Sunday, March 12, 2006

Horrific Scenes Of Brutality And Degradation

I once was sceptical about all the allegations of torture and abuse of detainees at Guantanamo Bay, but this latest report from the Washington Post has overcome my incredulity.

The U.S. government must do everything in its power to stop these atrocities and bring the perpetrators to justice:

Female interrogators repeatedly used sexually suggestive tactics to try to humiliate and pry information from devout Muslim men held at the U.S. military prison at Guantanamo Bay, Cuba, according to a military investigation not yet public and newly declassified accounts from detainees.

The prisoners have told their lawyers, who compiled the accounts, that female interrogators regularly violated Muslim taboos about sex and contact with women. The women rubbed their bodies against the men, wore skimpy clothes in front of them, made sexually explicit remarks and touched them provocatively, at least eight detainees said in documents or through their attorneys.
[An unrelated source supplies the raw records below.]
(* Let $\omega\in\mathbb{R}^d$ be rationally independent, let $B\in\mathcal{M}(n,\mathbb{C})$ be in Jordan normal form with spectrum $\sigma(B)=\{\alpha_1,\dots,\alpha_l\}$ ($\alpha_i$ distinct), written as $B=\mathrm{diag}(B_1,\dots,B_l)$ where $B_i$ collects the Jordan blocks of eigenvalue $\alpha_i$, and let $U:\mathbb{T}^d\to Gl(n,\mathbb{C})$ be continuous with $\partial_\omega U=BU-U\bar B$. Write $U=(U_i^j)_{i,j=1,\dots,l}$ in the corresponding block decomposition and $\mathcal{M}=\{2i\pi\langle k,\omega\rangle:k\in\mathbb{Z}^d\}$. Then: (1) if $\alpha_i-\bar\alpha_j\notin\mathcal{M}$, the block $U_i^j$ is identically zero; in particular, if for some $j$ one has $\alpha_i-\bar\alpha_j\notin\mathcal{M}$ for all $i$, then $\det U=0$; (2) if $\alpha_i-\bar\alpha_j=2i\pi\langle k_{i,j},\omega\rangle$ for some $k_{i,j}\in\mathbb{Z}^d\setminus\{0\}$, then the only possibly nonzero Fourier coefficient of $U_i^j$ is the one indexed by $k_{i,j}$.
   Context: $\mathbb{T}^d=\mathbb{R}^d/\mathbb{Z}^d$; $\omega$ rationally independent means $\langle k,\omega\rangle\ne0$ for $k\ne0$. $\partial_\omega U(\theta)=\frac{d}{dt}U(\theta+t\omega)|_{t=0}$ (assumed to exist). $\bar B$ is the entrywise complex conjugate. Fourier coefficients: $\hat U(k)=\int_{\mathbb{T}^d}U(\theta)e^{-2i\pi\langle k,\theta\rangle}d\theta$. *)

theory Defs
  imports "HOL-Analysis.Analysis"
begin

text \<open>Square complex matrices of size n are represented as functions
  nat \<Rightarrow> nat \<Rightarrow> complex, of which only the entries with indices below n matter.
  Points of the torus are points of real^'d, and functions on the torus are
  functions on real^'d that are 1-periodic in each coordinate.\<close>

definition mat_mult :: "nat \<Rightarrow> (nat \<Rightarrow> nat \<Rightarrow> complex) \<Rightarrow> (nat \<Rightarrow> nat \<Rightarrow> complex) \<Rightarrow> nat \<Rightarrow> nat \<Rightarrow> complex" where
  "mat_mult n A C = (\<lambda>r s. \<Sum>m<n. A r m * C m s)"

definition mat_cnj :: "(nat \<Rightarrow> nat \<Rightarrow> complex) \<Rightarrow> nat \<Rightarrow> nat \<Rightarrow> complex" where
  "mat_cnj A = (\<lambda>r s. cnj (A r s))"

definition mat_det :: "nat \<Rightarrow> (nat \<Rightarrow> nat \<Rightarrow> complex) \<Rightarrow> complex" where
  "mat_det n A = (\<Sum>p \<in> {p. p permutes {..<n}}. of_int (sign p) * (\<Prod>i<n. A i (p i)))"

text \<open>Jordan matrix given by a list of Jordan blocks (size, eigenvalue), placed
  along the diagonal in the order of the list.\<close>

definition block_start :: "(nat \<times> complex) list \<Rightarrow> nat \<Rightarrow> nat" where
  "block_start bs k = sum_list (map fst (take k bs))"

definition in_block :: "(nat \<times> complex) list \<Rightarrow> nat \<Rightarrow> nat \<Rightarrow> bool" where
  "in_block bs k r \<longleftrightarrow> block_start bs k \<le> r \<and> r < block_start bs (Suc k)"

definition jordan_mat :: "(nat \<times> complex) list \<Rightarrow> nat \<Rightarrow> nat \<Rightarrow> complex" where
  "jordan_mat bs = (\<lambda>r s. \<Sum>k<length bs.
     if in_block bs k r \<and> in_block bs k s then
       (if r = s then snd (bs ! k) else if s = Suc r then 1 else 0)
     else 0)"
text \<open>Moving one factor \<open>P\<close> from \<open>c\<close> to \<open>d\<close> shifts the summation index; the two boundary
  terms vanish because \<open>P\<^bsup>M+1\<^esup>\<close> kills \<open>c\<close> and \<open>d\<close>.\<close>
lemma shear_shift:
  assumes "(P ^^ Suc M) c = 0" and "(P ^^ Suc M) d = 0"
  shows "shear M (P c) d x = shear M c (P d) x"
proof -
  define F where "F i = s (B ((P ^^ i) c) x) ((P ^^ (Suc M - i)) d)" for i
  have "shear M (P c) d x = (\<Sum>i\<le>M. F (Suc i))"
    unfolding shear_def F_def by (simp add: funpow_swap1)
  also have "\<dots> = sum F {..Suc M}"
    using assms(2) by (simp add: sum.atMost_Suc_shift F_def del: sum.atMost_Suc)
  also have "\<dots> = sum F {..M}"
    using assms(1) by (simp add: F_def)
  also have "\<dots> = shear M c (P d) x"
    unfolding shear_def F_def by (intro sum.cong) (simp_all add: Suc_diff_le funpow_swap1)
  finally show ?thesis .
qed

lemma shear_shift_funpow:
  assumes "(P ^^ Suc M) c = 0" and "(P ^^ Suc M) d = 0"
  shows "shear M ((P ^^ k) c) d x = shear M c ((P ^^ k) d) x"
  using assms(2)
proof (induct k arbitrary: d)
  case (Suc k)
  have "(P ^^ Suc M) (P d) = 0"
    using funpow_P_kernel_closed[OF Suc.prems, of 1] by simp
  have "shear M ((P ^^ Suc k) c) d x = shear M ((P ^^ k) c) (P d) x"
    using shear_shift[OF funpow_P_kernel_closed[OF assms(1)] Suc.prems] by simp
  also have "\<dots> = shear M c ((P ^^ k) (P d)) x"
    using Suc.hyps[OF \<open>(P ^^ Suc M) (P d) = 0\<close>] .
  finally show ?case
    by (simp add: funpow_swap1)
qed simp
It gets worse. Much worse:

The military investigation of U.S. detention and interrogation practices worldwide, led by Vice Adm. Albert T. Church III, confirmed one case in which an Army interrogator took off her uniform top and paraded around in a tight T-shirt to make a Guantanamo detainee uncomfortable, and other cases in which interrogators touched the detainees suggestively, the senior Pentagon official said.


Is there no end to this inhumane and barbaric treatment?

German detainee Murat Kurnaz told his lawyer that three women in lacy bras and panties strutted into the interrogation room where he was sitting in chains. They cooed about how attractive he was and suggested "they could have some fun," he said.

When Kurnaz averted his eyes, he said, one woman sat on his lap, another rubbed her breasts against his back and massaged his chest and a third squatted near his crotch. He head-butted the woman behind him, he said, knocking her off him. All three ran out and a team of soldiers stormed in and beat him, he said.


Such depravity, unprecedented in the history of civilized warfare!

Yasein Esmail, a Yemeni detainee, said he had been interrogated more than 100 times since being "kidnapped" in a marketplace in Kabul, Afghanistan, and brought to Guantanamo Bay. He recounted to his lawyer that when he refused to talk in one interview, a female soldier entered wearing a tight T-shirt.

"Why aren't you married?" she reportedly asked Esmail. "You are a young man and have needs. What do you like?"

Esmail said "she bent down with her breasts on the table and her legs almost touching" him. "Are you going to talk," she asked, "or are we going to do this for six hours?"


Six hours? Even the strongest man could not but break down under the pressure of such unrelenting torture after six minutes!

There are far more humane methods of persuasion which do not degrade their subjects' pride and human dignity, such as beating, whipping and electric shock, as practiced by progressive nations as pre-invasion Iraq, China, North Korea and Iran, and which the United States would have done well to emulate, instead of engaging in these unspeakable cruelties.

Such practices are a reproach to a civilized nation.

4 comments:

A Dog Named Kyoto said...

Egads! The depravity of it all. No wonder they call it "Club Gitmo".

Where do I sign up?

Danté said...

My God, is Gitmo a detention facility or a strip club?
I can see why fighting the Americans has such a lure for young arabic men: american women giving them free lapdances - and this is interrogation?

Oh man what a crazy world.

Anonymous said...

Murat Kurnaz's story sounds like the first three words could have been "Dear Penthouse Letters..."

Anonymous said...

Say, if it were men doing this to female prisoners, would it be funny and cute?